— YOUR INSTRUCTIONS —
Your task is to extract every line from the material below exactly.

—————

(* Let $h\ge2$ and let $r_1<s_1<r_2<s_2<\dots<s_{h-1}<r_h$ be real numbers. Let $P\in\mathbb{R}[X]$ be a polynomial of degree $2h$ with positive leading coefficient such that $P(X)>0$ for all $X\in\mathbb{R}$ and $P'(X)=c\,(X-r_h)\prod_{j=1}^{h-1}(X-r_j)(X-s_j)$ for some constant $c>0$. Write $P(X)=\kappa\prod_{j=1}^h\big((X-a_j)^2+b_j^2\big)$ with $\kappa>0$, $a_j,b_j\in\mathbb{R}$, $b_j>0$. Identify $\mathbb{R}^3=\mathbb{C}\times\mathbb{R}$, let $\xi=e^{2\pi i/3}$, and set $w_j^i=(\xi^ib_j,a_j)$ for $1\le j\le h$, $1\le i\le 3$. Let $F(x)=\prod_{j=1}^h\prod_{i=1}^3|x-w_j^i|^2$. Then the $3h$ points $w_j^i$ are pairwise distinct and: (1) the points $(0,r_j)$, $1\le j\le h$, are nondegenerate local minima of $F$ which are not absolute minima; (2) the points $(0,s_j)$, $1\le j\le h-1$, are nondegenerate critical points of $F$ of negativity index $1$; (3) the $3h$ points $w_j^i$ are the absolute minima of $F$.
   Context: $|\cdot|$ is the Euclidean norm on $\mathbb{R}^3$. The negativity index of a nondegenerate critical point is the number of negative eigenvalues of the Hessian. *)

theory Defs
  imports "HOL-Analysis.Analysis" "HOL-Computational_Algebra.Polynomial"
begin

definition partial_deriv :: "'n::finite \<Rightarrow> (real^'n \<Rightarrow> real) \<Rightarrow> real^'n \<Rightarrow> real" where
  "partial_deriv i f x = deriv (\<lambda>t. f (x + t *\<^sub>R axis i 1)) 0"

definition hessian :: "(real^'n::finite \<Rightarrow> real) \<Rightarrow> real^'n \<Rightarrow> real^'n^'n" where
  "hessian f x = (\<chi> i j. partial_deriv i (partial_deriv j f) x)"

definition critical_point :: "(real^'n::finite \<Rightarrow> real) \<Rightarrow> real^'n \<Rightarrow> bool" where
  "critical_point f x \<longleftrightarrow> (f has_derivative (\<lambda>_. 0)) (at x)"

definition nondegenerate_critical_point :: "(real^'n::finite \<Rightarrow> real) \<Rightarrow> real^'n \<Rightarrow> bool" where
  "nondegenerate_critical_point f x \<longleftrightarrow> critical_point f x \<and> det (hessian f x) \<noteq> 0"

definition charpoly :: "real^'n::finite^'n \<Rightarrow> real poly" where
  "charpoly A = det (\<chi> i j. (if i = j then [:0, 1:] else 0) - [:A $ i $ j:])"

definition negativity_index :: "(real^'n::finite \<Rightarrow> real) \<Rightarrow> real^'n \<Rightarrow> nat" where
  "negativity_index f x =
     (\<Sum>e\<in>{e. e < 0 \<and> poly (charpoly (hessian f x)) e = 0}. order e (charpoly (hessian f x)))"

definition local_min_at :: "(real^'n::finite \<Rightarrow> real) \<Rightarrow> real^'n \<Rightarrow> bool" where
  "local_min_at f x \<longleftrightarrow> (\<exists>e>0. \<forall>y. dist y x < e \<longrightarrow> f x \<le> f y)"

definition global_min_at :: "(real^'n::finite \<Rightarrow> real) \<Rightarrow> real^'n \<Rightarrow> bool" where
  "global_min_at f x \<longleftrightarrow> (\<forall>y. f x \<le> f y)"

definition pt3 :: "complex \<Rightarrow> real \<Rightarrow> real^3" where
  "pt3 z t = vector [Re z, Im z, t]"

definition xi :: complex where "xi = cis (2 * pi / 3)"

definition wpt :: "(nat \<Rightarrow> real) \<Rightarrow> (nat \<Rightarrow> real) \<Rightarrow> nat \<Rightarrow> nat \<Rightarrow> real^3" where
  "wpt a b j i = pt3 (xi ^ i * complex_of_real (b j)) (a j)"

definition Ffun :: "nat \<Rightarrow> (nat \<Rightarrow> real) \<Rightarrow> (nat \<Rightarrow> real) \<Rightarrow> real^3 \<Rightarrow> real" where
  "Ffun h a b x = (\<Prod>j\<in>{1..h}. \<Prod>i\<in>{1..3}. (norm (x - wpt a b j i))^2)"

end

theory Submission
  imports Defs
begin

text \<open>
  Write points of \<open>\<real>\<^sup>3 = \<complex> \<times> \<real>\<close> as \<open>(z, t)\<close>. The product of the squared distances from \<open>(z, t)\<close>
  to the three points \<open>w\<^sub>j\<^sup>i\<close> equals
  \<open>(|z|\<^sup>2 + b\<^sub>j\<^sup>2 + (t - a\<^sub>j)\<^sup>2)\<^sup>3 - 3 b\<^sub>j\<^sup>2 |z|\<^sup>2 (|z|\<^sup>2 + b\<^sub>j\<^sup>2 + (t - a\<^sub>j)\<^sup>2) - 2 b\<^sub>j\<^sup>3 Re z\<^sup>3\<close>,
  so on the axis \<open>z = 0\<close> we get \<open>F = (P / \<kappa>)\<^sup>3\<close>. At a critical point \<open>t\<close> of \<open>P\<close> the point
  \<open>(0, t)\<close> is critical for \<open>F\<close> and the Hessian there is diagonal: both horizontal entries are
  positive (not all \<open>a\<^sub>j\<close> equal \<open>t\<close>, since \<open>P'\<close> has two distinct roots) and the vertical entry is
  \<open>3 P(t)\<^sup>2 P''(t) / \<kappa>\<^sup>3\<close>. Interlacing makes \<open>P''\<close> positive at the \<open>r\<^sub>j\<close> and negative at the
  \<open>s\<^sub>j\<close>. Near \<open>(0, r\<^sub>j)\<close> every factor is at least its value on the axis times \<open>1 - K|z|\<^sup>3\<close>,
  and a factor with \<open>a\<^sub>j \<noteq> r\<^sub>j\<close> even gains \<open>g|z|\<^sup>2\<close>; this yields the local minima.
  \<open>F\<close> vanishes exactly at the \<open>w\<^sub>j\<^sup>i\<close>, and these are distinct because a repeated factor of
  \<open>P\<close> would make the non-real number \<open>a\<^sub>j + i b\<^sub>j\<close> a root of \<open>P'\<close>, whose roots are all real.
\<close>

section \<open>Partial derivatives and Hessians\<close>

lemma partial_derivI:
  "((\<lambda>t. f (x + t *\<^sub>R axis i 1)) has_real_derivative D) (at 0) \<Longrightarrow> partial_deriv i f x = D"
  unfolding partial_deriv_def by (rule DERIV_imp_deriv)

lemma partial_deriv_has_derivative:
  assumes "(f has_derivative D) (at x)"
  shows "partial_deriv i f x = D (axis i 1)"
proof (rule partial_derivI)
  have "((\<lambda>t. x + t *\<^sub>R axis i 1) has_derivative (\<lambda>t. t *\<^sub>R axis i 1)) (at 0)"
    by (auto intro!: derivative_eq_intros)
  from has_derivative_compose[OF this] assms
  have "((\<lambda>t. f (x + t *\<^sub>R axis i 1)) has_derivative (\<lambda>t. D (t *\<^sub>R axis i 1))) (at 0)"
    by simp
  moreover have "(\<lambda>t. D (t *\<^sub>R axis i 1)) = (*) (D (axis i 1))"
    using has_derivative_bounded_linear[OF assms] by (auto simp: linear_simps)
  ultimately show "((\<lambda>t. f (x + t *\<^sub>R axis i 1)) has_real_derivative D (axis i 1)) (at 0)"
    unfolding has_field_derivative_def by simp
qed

—————

— SOLUTION FOR THIS PROBLEM —
(* Let $h\ge2$ and let $r_1<s_1<r_2<s_2<\dots<s_{h-1}<r_h$ be real numbers. Let $P\in\mathbb{R}[X]$ be a polynomial of degree $2h$ with positive leading coefficient such that $P(X)>0$ for all $X\in\mathbb{R}$ and $P'(X)=c\,(X-r_h)\prod_{j=1}^{h-1}(X-r_j)(X-s_j)$ for some constant $c>0$. Write $P(X)=\kappa\prod_{j=1}^h\big((X-a_j)^2+b_j^2\big)$ with $\kappa>0$, $a_j,b_j\in\mathbb{R}$, $b_j>0$. Identify $\mathbb{R}^3=\mathbb{C}\times\mathbb{R}$, let $\xi=e^{2\pi i/3}$, and set $w_j^i=(\xi^ib_j,a_j)$ for $1\le j\le h$, $1\le i\le 3$. Let $F(x)=\prod_{j=1}^h\prod_{i=1}^3|x-w_j^i|^2$. Then the $3h$ points $w_j^i$ are pairwise distinct and: (1) the points $(0,r_j)$, $1\le j\le h$, are nondegenerate local minima of $F$ which are not absolute minima; (2) the points $(0,s_j)$, $1\le j\le h-1$, are nondegenerate critical points of $F$ of negativity index $1$; (3) the $3h$ points $w_j^i$ are the absolute minima of $F$.
   Context: $|\cdot|$ is the Euclidean norm on $\mathbb{R}^3$. The negativity index of a nondegenerate critical point is the number of negative eigenvalues of the Hessian. *)

theory Defs
  imports "HOL-Analysis.Analysis" "HOL-Computational_Algebra.Polynomial"
begin

definition partial_deriv :: "'n::finite \<Rightarrow> (real^'n \<Rightarrow> real) \<Rightarrow> real^'n \<Rightarrow> real" where
  "partial_deriv i f x = deriv (\<lambda>t. f (x + t *\<^sub>R axis i 1)) 0"

definition hessian :: "(real^'n::finite \<Rightarrow> real) \<Rightarrow> real^'n \<Rightarrow> real^'n^'n" where
  "hessian f x = (\<chi> i j. partial_deriv i (partial_deriv j f) x)"

definition critical_point :: "(real^'n::finite \<Rightarrow> real) \<Rightarrow> real^'n \<Rightarrow> bool" where
  "critical_point f x \<longleftrightarrow> (f has_derivative (\<lambda>_. 0)) (at x)"

definition nondegenerate_critical_point :: "(real^'n::finite \<Rightarrow> real) \<Rightarrow> real^'n \<Rightarrow> bool" where
  "nondegenerate_critical_point f x \<longleftrightarrow> critical_point f x \<and> det (hessian f x) \<noteq> 0"

definition charpoly :: "real^'n::finite^'n \<Rightarrow> real poly" where
  "charpoly A = det (\<chi> i j. (if i = j then [:0, 1:] else 0) - [:A $ i $ j:])"

definition negativity_index :: "(real^'n::finite \<Rightarrow> real) \<Rightarrow> real^'n \<Rightarrow> nat" where
  "negativity_index f x =
     (\<Sum>e\<in>{e. e < 0 \<and> poly (charpoly (hessian f x)) e = 0}. order e (charpoly (hessian f x)))"

definition local_min_at :: "(real^'n::finite \<Rightarrow> real) \<Rightarrow> real^'n \<Rightarrow> bool" where
  "local_min_at f x \<longleftrightarrow> (\<exists>e>0. \<forall>y. dist y x < e \<longrightarrow> f x \<le> f y)"

definition global_min_at :: "(real^'n::finite \<Rightarrow> real) \<Rightarrow> real^'n \<Rightarrow> bool" where
  "global_min_at f x \<longleftrightarrow> (\<forall>y. f x \<le> f y)"

definition pt3 :: "complex \<Rightarrow> real \<Rightarrow> real^3" where
  "pt3 z t = vector [Re z, Im z, t]"

definition xi :: complex where "xi = cis (2 * pi / 3)"

definition wpt :: "(nat \<Rightarrow> real) \<Rightarrow> (nat \<Rightarrow> real) \<Rightarrow> nat \<Rightarrow> nat \<Rightarrow> real^3" where
  "wpt a b j i = pt3 (xi ^ i * complex_of_real (b j)) (a j)"

definition Ffun :: "nat \<Rightarrow> (nat \<Rightarrow> real) \<Rightarrow> (nat \<Rightarrow> real) \<Rightarrow> real^3 \<Rightarrow> real" where
  "Ffun h a b x = (\<Prod>j\<in>{1..h}. \<Prod>i\<in>{1..3}. (norm (x - wpt a b j i))^2)"

end

theory Submission
  imports Defs
begin

text \<open>
  Write points of \<open>\<real>\<^sup>3 = \<complex> \<times> \<real>\<close> as \<open>(z, t)\<close>. The product of the squared distances from \<open>(z, t)\<close>
  to the three points \<open>w\<^sub>j\<^sup>i\<close> equals
  \<open>(|z|\<^sup>2 + b\<^sub>j\<^sup>2 + (t - a\<^sub>j)\<^sup>2)\<^sup>3 - 3 b\<^sub>j\<^sup>2 |z|\<^sup>2 (|z|\<^sup>2 + b\<^sub>j\<^sup>2 + (t - a\<^sub>j)\<^sup>2) - 2 b\<^sub>j\<^sup>3 Re z\<^sup>3\<close>,
  so on the axis \<open>z = 0\<close> we get \<open>F = (P / \<kappa>)\<^sup>3\<close>. At a critical point \<open>t\<close> of \<open>P\<close> the point
  \<open>(0, t)\<close> is critical for \<open>F\<close> and the Hessian there is diagonal: both horizontal entries are
  positive (not all \<open>a\<^sub>j\<close> equal \<open>t\<close>, since \<open>P'\<close> has two distinct roots) and the vertical entry is
  \<open>3 P(t)\<^sup>2 P''(t) / \<kappa>\<^sup>3\<close>. Interlacing makes \<open>P''\<close> positive at the \<open>r\<^sub>j\<close> and negative at the
  \<open>s\<^sub>j\<close>. Near \<open>(0, r\<^sub>j)\<close> every factor is at least its value on the axis times \<open>1 - K|z|\<^sup>3\<close>,
  and a factor with \<open>a\<^sub>j \<noteq> r\<^sub>j\<close> even gains \<open>g|z|\<^sup>2\<close>; this yields the local minima.
  \<open>F\<close> vanishes exactly at the \<open>w\<^sub>j\<^sup>i\<close>, and these are distinct because a repeated factor of
  \<open>P\<close> would make the non-real number \<open>a\<^sub>j + i b\<^sub>j\<close> a root of \<open>P'\<close>, whose roots are all real.
\<close>

section \<open>Partial derivatives and Hessians\<close>

lemma partial_derivI:
  "((\<lambda>t. f (x + t *\<^sub>R axis i 1)) has_real_derivative D) (at 0) \<Longrightarrow> partial_deriv i f x = D"
  unfolding partial_deriv_def by (rule DERIV_imp_deriv)

lemma partial_deriv_has_derivative:
  assumes "(f has_derivative D) (at x)"
  shows "partial_deriv i f x = D (axis i 1)"
proof (rule partial_derivI)
  have "((\<lambda>t. x + t *\<^sub>R axis i 1) has_derivative (\<lambda>t. t *\<^sub>R axis i 1)) (at 0)"
    by (auto intro!: derivative_eq_intros)
  from has_derivative_compose[OF this] assms
  have "((\<lambda>t. f (x + t *\<^sub>R axis i 1)) has_derivative (\<lambda>t. D (t *\<^sub>R axis i 1))) (at 0)"
    by simp
  moreover have "(\<lambda>t. D (t *\<^sub>R axis i 1)) = (*) (D (axis i 1))"
    using has_derivative_bounded_linear[OF assms] by (auto simp: linear_simps)
  ultimately show "((\<lambda>t. f (x + t *\<^sub>R axis i 1)) has_real_derivative D (axis i 1)) (at 0)"
    unfolding has_field_derivative_def by simp
qed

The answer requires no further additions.